• Instructions for the task: Look through the records below for the line with "then show ?thesis using". Return that line and each one after it up to and including the line with "by (rule poly_mapping_eqI)", exactly.

(Beginning of Given entries)

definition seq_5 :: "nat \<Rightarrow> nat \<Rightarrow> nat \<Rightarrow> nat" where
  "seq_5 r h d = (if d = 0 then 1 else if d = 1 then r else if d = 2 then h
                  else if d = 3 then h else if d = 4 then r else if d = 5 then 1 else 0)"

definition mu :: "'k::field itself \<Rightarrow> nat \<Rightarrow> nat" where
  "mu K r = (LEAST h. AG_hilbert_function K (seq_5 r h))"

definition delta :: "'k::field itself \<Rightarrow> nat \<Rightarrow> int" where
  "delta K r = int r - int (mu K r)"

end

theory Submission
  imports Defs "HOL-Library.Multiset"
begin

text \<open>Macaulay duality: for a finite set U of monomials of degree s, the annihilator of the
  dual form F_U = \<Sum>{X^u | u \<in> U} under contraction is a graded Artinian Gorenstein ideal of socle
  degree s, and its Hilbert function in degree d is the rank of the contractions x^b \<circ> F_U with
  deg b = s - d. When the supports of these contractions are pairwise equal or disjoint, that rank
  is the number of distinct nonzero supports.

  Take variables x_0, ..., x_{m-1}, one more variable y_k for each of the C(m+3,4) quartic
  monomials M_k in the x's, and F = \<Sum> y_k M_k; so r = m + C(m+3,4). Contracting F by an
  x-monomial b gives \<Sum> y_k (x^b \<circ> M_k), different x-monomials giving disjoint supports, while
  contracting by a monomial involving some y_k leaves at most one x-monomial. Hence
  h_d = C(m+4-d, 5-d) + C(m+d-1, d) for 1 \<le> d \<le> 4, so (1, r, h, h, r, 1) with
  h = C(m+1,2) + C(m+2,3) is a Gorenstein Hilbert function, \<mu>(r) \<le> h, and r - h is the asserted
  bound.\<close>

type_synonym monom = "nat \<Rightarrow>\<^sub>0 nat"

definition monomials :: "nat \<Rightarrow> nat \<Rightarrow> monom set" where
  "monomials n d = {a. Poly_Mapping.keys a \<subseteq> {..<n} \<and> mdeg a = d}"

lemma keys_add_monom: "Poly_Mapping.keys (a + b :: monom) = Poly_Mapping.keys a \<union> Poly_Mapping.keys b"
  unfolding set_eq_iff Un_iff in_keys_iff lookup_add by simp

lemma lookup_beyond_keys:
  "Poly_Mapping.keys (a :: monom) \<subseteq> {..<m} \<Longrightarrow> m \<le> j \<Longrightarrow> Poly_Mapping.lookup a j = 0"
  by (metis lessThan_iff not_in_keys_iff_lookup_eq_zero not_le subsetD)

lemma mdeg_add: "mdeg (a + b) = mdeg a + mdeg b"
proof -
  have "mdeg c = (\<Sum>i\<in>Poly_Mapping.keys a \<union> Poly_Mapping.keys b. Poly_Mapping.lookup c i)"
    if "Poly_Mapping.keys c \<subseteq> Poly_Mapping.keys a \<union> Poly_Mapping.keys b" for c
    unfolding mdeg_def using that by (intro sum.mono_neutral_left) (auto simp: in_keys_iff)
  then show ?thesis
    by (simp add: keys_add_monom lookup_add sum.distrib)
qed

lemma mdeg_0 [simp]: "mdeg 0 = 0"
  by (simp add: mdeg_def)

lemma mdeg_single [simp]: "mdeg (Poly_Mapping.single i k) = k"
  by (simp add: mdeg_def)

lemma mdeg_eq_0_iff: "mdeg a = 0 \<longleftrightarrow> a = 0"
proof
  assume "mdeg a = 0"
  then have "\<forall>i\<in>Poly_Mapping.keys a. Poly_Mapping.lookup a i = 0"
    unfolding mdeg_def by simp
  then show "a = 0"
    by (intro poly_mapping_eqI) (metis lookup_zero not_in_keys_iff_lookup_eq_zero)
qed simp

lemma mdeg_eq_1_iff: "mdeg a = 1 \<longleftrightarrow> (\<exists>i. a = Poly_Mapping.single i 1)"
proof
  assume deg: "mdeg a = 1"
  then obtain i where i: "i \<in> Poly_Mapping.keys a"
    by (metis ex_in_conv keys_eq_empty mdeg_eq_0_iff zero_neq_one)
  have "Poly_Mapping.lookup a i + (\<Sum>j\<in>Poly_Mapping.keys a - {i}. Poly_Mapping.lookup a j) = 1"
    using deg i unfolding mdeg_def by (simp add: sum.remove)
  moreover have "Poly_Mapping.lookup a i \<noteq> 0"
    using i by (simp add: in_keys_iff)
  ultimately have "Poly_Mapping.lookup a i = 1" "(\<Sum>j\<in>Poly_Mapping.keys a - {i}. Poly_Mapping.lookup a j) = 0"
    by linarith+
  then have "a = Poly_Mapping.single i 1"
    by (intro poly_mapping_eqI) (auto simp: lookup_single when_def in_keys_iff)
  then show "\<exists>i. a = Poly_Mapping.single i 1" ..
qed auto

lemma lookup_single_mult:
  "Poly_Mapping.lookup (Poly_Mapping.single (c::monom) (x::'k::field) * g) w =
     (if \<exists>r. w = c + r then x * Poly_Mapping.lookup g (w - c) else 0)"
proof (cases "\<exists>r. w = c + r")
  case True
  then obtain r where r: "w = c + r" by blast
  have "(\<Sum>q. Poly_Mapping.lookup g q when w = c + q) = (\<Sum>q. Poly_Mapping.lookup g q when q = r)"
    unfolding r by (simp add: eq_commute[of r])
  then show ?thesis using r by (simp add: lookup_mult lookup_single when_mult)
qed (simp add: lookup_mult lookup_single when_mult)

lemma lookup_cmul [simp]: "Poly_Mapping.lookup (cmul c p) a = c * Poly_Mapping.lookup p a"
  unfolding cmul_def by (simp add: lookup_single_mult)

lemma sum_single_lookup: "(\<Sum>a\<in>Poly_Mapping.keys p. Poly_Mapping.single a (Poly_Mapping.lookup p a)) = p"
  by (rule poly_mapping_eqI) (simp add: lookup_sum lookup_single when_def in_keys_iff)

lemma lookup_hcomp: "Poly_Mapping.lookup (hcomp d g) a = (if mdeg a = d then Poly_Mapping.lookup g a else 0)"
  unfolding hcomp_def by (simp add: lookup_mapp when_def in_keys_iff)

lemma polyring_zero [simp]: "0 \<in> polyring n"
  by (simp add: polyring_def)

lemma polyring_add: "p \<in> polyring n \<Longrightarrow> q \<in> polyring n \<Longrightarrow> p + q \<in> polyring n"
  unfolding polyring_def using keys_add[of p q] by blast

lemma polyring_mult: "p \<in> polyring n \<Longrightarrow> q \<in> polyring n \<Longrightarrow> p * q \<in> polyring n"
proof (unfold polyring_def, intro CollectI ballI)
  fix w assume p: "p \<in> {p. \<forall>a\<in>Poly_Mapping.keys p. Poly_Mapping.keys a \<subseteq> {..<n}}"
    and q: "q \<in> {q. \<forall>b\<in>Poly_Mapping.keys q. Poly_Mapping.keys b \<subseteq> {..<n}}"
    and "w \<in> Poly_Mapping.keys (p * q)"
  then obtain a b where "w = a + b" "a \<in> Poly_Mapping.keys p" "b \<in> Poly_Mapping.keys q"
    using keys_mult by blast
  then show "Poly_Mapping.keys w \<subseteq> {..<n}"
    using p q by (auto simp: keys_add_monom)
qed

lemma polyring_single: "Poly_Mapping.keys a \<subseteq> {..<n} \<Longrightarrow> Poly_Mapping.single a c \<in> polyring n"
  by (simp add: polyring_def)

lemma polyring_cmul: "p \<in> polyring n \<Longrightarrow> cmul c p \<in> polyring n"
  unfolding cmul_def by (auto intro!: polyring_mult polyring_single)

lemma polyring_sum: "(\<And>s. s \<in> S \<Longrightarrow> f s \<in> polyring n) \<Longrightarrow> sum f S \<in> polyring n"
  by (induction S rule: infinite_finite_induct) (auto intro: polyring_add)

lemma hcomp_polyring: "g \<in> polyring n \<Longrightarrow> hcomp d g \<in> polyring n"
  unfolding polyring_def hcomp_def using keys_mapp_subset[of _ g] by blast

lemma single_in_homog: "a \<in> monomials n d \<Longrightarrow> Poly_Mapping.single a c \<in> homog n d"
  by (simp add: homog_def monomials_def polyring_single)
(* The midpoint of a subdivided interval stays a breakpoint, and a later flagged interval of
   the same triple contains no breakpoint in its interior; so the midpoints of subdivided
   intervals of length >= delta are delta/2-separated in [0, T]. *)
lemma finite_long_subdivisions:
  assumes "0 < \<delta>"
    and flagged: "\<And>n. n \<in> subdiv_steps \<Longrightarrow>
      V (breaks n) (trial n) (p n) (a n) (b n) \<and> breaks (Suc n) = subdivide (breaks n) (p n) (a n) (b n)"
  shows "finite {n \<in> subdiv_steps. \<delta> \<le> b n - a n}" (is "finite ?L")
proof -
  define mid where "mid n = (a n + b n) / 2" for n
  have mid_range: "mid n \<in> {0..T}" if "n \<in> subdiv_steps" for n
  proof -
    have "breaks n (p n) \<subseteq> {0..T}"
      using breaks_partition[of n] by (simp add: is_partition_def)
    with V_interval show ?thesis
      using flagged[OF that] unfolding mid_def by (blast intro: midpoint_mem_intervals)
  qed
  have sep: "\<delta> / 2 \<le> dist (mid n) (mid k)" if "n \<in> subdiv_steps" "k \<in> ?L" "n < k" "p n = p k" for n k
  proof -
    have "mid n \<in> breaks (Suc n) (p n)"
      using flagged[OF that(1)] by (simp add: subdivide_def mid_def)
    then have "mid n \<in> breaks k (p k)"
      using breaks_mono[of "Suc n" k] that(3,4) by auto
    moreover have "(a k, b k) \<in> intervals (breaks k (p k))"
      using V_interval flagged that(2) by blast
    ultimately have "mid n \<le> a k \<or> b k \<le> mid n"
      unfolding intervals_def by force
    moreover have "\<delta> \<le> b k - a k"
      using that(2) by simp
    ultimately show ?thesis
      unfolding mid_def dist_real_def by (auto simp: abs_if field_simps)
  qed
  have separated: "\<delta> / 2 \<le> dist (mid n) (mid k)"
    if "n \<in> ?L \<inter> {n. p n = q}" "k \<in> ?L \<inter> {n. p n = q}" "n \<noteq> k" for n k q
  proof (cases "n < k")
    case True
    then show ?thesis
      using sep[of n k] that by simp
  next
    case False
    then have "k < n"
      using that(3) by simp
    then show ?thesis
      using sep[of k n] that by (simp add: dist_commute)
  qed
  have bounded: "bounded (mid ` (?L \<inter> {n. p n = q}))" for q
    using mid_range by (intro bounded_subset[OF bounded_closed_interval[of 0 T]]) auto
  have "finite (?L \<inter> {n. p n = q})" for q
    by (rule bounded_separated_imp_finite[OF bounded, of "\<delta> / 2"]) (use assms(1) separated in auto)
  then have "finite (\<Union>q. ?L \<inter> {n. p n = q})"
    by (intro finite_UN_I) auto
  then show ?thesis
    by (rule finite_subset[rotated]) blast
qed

(End of Given entries)

• Output of the exercise:
  then show ?thesis using r by (simp add: lookup_mult lookup_single when_mult)
qed (simp add: lookup_mult lookup_single when_mult)

lemma lookup_cmul [simp]: "Poly_Mapping.lookup (cmul c p) a = c * Poly_Mapping.lookup p a"
  unfolding cmul_def by (simp add: lookup_single_mult)

lemma sum_single_lookup: "(\<Sum>a\<in>Poly_Mapping.keys p. Poly_Mapping.single a (Poly_Mapping.lookup p a)) = p"
  by (rule poly_mapping_eqI) (simp add: lookup_sum lookup_single when_def in_keys_iff)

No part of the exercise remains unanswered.